§ DATA SHOWN:
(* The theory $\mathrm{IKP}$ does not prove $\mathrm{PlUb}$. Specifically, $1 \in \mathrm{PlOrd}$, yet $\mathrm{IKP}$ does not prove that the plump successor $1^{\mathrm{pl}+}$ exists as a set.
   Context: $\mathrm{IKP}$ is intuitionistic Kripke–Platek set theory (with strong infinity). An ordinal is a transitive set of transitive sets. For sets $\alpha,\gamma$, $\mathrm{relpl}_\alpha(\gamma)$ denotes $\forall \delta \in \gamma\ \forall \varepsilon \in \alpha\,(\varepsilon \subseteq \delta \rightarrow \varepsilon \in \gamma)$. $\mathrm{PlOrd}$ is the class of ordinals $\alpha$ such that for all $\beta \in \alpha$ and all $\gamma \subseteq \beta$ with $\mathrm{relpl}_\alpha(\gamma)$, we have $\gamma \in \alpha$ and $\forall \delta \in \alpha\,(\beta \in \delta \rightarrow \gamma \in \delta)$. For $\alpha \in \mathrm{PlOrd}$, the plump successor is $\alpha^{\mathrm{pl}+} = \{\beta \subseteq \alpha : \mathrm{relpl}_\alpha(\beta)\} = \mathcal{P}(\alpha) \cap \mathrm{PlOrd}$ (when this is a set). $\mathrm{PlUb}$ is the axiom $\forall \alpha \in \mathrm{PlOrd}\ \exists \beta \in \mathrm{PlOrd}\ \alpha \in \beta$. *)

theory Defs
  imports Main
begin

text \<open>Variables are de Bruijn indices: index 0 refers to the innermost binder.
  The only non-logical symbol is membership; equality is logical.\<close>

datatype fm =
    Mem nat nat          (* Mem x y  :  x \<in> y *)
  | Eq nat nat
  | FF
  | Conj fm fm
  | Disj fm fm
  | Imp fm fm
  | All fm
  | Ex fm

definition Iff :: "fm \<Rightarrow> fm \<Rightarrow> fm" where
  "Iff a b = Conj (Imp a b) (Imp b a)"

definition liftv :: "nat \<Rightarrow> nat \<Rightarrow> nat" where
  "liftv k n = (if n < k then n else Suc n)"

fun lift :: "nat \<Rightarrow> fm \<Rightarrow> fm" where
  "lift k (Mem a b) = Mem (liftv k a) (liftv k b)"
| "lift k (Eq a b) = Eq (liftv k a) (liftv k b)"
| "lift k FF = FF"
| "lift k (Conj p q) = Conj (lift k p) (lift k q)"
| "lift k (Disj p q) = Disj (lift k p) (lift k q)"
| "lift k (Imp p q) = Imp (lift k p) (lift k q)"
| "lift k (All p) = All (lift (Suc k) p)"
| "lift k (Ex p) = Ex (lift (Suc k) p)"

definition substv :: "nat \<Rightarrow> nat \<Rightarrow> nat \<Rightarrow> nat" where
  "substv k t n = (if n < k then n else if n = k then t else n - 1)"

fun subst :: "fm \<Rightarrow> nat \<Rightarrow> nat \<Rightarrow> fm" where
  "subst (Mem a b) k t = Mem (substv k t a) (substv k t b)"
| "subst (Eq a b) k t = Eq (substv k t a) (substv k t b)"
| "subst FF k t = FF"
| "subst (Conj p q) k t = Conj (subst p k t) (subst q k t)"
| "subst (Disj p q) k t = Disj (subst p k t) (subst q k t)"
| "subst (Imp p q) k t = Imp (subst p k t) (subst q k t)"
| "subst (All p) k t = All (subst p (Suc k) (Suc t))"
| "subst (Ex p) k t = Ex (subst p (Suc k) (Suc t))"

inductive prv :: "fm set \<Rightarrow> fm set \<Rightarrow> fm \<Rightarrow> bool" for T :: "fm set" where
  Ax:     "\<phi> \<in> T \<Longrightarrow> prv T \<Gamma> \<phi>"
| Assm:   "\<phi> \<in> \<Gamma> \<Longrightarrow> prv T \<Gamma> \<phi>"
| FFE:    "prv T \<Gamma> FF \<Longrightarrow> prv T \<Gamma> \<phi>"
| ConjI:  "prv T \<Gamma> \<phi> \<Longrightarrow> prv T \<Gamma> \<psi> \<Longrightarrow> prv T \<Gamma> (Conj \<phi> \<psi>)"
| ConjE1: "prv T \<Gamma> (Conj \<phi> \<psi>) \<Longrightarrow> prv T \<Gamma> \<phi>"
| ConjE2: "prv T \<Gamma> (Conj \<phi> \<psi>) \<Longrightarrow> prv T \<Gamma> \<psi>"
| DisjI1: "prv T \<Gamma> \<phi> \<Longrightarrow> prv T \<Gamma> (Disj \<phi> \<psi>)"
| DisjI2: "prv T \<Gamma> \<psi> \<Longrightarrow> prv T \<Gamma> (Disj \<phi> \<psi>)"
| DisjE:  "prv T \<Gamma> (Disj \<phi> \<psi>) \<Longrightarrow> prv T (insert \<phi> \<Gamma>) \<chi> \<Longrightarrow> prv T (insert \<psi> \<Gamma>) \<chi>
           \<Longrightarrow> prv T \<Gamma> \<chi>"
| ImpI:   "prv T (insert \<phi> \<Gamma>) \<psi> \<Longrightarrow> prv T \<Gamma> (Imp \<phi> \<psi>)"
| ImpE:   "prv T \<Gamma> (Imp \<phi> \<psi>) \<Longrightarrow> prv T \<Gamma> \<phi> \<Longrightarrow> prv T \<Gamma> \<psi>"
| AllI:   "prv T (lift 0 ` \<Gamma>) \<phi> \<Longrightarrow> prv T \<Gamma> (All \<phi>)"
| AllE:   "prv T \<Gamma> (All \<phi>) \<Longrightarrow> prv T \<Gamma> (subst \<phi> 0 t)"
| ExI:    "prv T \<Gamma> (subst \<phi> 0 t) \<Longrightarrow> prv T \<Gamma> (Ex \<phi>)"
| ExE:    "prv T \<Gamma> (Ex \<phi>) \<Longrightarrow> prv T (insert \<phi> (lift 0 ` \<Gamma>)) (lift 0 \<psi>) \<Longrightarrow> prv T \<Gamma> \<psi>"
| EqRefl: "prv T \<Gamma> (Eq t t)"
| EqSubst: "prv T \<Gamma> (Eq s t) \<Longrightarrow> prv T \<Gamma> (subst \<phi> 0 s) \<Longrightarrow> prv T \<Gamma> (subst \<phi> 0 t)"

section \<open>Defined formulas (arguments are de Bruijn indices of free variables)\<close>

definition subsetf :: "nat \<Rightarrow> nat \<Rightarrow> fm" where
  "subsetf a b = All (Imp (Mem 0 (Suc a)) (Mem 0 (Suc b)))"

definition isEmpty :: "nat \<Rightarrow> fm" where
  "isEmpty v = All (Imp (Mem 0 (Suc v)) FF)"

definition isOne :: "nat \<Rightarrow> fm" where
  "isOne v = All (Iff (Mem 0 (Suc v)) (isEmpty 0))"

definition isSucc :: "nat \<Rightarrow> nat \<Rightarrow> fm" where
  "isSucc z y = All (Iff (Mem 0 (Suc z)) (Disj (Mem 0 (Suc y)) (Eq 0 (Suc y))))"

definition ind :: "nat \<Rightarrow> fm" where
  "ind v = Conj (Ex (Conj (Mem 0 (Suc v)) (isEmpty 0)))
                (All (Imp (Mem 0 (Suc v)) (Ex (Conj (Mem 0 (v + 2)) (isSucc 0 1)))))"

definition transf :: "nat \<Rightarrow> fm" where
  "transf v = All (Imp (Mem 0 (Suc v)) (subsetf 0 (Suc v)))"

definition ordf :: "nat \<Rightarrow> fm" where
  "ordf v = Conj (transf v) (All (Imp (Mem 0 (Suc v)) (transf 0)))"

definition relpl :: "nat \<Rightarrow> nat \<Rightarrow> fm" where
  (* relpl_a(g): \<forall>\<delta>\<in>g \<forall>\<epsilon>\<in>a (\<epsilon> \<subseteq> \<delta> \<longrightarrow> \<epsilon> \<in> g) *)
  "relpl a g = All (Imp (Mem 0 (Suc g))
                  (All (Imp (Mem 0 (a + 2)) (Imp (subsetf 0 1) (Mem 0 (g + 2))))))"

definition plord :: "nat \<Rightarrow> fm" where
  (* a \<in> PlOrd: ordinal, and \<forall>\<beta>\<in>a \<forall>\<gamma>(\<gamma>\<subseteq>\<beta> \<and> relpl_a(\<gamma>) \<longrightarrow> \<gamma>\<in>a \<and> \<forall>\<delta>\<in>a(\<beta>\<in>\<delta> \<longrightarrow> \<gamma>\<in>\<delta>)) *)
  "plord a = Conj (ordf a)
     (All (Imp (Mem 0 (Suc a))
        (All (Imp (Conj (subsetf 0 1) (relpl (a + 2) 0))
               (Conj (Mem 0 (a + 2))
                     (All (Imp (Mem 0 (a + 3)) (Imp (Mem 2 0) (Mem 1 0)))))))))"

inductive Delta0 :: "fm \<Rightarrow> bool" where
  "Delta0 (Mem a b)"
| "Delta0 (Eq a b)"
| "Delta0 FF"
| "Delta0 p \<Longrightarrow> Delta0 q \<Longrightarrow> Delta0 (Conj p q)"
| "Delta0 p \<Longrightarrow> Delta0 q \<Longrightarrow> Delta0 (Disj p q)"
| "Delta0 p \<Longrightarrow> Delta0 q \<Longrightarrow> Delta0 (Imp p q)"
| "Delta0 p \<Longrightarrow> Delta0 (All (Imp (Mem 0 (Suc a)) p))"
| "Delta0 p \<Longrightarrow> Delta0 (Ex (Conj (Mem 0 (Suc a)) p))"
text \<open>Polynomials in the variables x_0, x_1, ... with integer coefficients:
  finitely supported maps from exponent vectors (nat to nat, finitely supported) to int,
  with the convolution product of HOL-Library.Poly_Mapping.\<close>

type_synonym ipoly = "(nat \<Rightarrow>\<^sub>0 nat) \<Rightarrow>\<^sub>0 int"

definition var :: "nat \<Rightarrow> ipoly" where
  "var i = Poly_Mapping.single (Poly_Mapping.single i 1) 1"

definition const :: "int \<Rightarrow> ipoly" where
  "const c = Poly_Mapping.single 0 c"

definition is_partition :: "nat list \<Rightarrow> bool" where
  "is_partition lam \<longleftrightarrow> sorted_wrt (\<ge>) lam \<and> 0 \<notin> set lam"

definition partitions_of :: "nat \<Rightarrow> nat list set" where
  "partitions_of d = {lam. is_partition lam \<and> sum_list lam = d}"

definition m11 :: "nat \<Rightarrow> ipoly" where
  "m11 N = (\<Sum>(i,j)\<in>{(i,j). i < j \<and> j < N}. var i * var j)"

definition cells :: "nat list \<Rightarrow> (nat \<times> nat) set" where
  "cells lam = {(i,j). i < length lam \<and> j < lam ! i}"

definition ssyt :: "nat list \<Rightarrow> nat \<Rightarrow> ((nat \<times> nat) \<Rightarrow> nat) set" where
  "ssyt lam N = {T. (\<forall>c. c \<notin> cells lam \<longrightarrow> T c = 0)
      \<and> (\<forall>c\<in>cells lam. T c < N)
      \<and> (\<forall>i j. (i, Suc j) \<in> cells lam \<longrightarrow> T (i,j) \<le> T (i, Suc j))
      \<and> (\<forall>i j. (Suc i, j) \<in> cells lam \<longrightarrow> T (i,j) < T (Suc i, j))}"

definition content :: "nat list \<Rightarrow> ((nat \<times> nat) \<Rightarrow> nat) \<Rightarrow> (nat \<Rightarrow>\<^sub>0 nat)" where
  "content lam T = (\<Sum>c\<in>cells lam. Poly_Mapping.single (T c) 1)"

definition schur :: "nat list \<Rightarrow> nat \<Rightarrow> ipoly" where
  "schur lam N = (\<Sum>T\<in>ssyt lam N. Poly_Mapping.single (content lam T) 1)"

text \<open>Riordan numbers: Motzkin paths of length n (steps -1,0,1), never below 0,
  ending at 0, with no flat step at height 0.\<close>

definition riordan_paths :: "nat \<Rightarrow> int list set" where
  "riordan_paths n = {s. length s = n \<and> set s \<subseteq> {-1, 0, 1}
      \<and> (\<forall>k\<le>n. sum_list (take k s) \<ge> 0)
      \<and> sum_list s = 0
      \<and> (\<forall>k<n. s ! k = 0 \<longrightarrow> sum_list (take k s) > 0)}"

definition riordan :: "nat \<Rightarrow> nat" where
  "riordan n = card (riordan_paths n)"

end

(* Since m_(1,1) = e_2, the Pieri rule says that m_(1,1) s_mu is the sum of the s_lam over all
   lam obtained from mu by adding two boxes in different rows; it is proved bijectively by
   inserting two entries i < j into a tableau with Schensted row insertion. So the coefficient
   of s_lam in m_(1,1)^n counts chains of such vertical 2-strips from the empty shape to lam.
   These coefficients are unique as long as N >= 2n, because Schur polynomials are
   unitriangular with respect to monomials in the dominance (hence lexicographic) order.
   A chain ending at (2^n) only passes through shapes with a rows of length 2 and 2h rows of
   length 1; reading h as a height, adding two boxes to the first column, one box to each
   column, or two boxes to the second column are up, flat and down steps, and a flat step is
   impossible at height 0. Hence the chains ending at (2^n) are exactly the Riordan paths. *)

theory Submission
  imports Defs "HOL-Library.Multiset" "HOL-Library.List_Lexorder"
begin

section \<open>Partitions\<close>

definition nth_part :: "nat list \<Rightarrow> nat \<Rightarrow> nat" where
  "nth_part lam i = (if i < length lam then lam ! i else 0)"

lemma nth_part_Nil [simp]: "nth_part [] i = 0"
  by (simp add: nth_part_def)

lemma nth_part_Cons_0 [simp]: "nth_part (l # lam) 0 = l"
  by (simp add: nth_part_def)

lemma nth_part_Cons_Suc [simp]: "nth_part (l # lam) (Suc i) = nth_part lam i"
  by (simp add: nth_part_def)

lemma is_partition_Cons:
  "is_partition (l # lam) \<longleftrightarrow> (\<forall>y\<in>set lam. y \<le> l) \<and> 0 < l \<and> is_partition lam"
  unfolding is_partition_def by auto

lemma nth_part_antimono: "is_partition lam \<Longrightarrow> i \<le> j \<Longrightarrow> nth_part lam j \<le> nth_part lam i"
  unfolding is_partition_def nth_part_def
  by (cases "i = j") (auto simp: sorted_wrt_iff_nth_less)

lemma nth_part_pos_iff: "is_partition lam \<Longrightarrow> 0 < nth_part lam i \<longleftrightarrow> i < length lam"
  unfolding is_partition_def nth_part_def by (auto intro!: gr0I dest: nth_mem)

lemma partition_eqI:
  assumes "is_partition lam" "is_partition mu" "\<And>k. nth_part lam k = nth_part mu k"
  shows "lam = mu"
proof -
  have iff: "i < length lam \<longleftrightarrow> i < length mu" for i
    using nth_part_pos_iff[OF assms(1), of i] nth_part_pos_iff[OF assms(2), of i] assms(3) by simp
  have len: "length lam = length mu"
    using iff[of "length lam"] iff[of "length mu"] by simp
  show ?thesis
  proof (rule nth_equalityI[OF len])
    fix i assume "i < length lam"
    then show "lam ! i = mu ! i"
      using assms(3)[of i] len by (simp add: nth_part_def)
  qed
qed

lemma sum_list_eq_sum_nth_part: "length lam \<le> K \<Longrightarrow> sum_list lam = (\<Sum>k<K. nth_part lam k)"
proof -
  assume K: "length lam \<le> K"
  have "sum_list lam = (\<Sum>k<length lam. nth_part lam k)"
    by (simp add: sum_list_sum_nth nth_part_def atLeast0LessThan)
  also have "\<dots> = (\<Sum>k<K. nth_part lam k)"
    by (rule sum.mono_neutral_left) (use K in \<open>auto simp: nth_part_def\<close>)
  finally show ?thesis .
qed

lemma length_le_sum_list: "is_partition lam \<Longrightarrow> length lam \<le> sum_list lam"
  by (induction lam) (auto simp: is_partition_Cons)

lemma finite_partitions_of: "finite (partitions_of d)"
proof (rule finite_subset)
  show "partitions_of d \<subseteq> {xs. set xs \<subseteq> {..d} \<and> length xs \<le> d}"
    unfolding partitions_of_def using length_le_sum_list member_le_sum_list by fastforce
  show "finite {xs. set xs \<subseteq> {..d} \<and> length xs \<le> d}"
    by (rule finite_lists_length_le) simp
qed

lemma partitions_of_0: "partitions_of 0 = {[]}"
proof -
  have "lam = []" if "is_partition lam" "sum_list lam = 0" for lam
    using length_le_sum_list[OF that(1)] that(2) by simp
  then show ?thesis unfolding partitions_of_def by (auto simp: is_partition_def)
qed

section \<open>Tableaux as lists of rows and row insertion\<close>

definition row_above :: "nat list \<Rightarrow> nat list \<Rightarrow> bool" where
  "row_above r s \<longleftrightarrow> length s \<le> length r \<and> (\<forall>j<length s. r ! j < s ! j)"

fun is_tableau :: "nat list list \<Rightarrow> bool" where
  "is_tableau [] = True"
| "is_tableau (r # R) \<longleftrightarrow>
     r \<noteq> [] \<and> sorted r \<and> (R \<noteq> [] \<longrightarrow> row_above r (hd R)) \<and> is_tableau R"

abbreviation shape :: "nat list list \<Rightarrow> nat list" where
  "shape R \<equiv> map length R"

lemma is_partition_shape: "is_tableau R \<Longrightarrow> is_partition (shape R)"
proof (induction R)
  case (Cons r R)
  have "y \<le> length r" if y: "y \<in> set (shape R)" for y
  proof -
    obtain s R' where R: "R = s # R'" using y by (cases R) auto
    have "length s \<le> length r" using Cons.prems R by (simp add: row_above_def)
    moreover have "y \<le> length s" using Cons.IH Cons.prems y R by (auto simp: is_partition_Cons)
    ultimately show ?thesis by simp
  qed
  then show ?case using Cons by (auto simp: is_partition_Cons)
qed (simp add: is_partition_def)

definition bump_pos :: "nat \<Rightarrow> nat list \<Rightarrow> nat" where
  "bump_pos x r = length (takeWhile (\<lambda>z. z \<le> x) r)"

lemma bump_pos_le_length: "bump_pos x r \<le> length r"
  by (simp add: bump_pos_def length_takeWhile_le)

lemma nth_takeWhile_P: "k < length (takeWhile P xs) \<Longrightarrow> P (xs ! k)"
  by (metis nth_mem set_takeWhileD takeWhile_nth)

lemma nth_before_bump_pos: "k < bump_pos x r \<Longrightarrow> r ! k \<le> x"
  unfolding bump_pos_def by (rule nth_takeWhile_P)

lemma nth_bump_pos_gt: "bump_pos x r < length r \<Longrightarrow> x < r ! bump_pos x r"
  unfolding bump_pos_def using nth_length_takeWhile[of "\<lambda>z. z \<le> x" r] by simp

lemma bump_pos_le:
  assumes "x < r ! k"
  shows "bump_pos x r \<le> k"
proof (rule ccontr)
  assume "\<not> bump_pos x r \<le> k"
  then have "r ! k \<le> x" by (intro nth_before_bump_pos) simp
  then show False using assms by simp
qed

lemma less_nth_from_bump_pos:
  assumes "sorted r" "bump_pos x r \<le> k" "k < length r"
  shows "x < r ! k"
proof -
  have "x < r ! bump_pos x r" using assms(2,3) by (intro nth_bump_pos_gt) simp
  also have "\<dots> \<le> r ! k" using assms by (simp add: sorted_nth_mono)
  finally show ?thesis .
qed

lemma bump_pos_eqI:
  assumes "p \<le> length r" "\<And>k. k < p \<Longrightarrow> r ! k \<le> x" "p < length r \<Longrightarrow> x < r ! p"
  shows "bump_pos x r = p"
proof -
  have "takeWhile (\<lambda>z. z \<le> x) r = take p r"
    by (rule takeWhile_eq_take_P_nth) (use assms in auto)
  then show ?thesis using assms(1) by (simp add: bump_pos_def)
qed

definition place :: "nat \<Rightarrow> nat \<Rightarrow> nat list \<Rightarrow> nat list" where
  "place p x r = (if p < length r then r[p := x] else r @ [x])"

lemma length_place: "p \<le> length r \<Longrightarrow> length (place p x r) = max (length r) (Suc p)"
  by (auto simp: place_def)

§ ABOUT THIS EXERCISE: Output the lines of the records above exactly as they appear, from the line containing "(insert \<psi> \<Gamma>) \<chi>" through the line containing "(All \<phi>) \<Longrightarrow>".

§ SOLUTION FOR THIS PROBLEM:
| DisjE:  "prv T \<Gamma> (Disj \<phi> \<psi>) \<Longrightarrow> prv T (insert \<phi> \<Gamma>) \<chi> \<Longrightarrow> prv T (insert \<psi> \<Gamma>) \<chi>
           \<Longrightarrow> prv T \<Gamma> \<chi>"
| ImpI:   "prv T (insert \<phi> \<Gamma>) \<psi> \<Longrightarrow> prv T \<Gamma> (Imp \<phi> \<psi>)"
| ImpE:   "prv T \<Gamma> (Imp \<phi> \<psi>) \<Longrightarrow> prv T \<Gamma> \<phi> \<Longrightarrow> prv T \<Gamma> \<psi>"
| AllI:   "prv T (lift 0 ` \<Gamma>) \<phi> \<Longrightarrow> prv T \<Gamma> (All \<phi>)"
| AllE:   "prv T \<Gamma> (All \<phi>) \<Longrightarrow> prv T \<Gamma> (subst \<phi> 0 t)"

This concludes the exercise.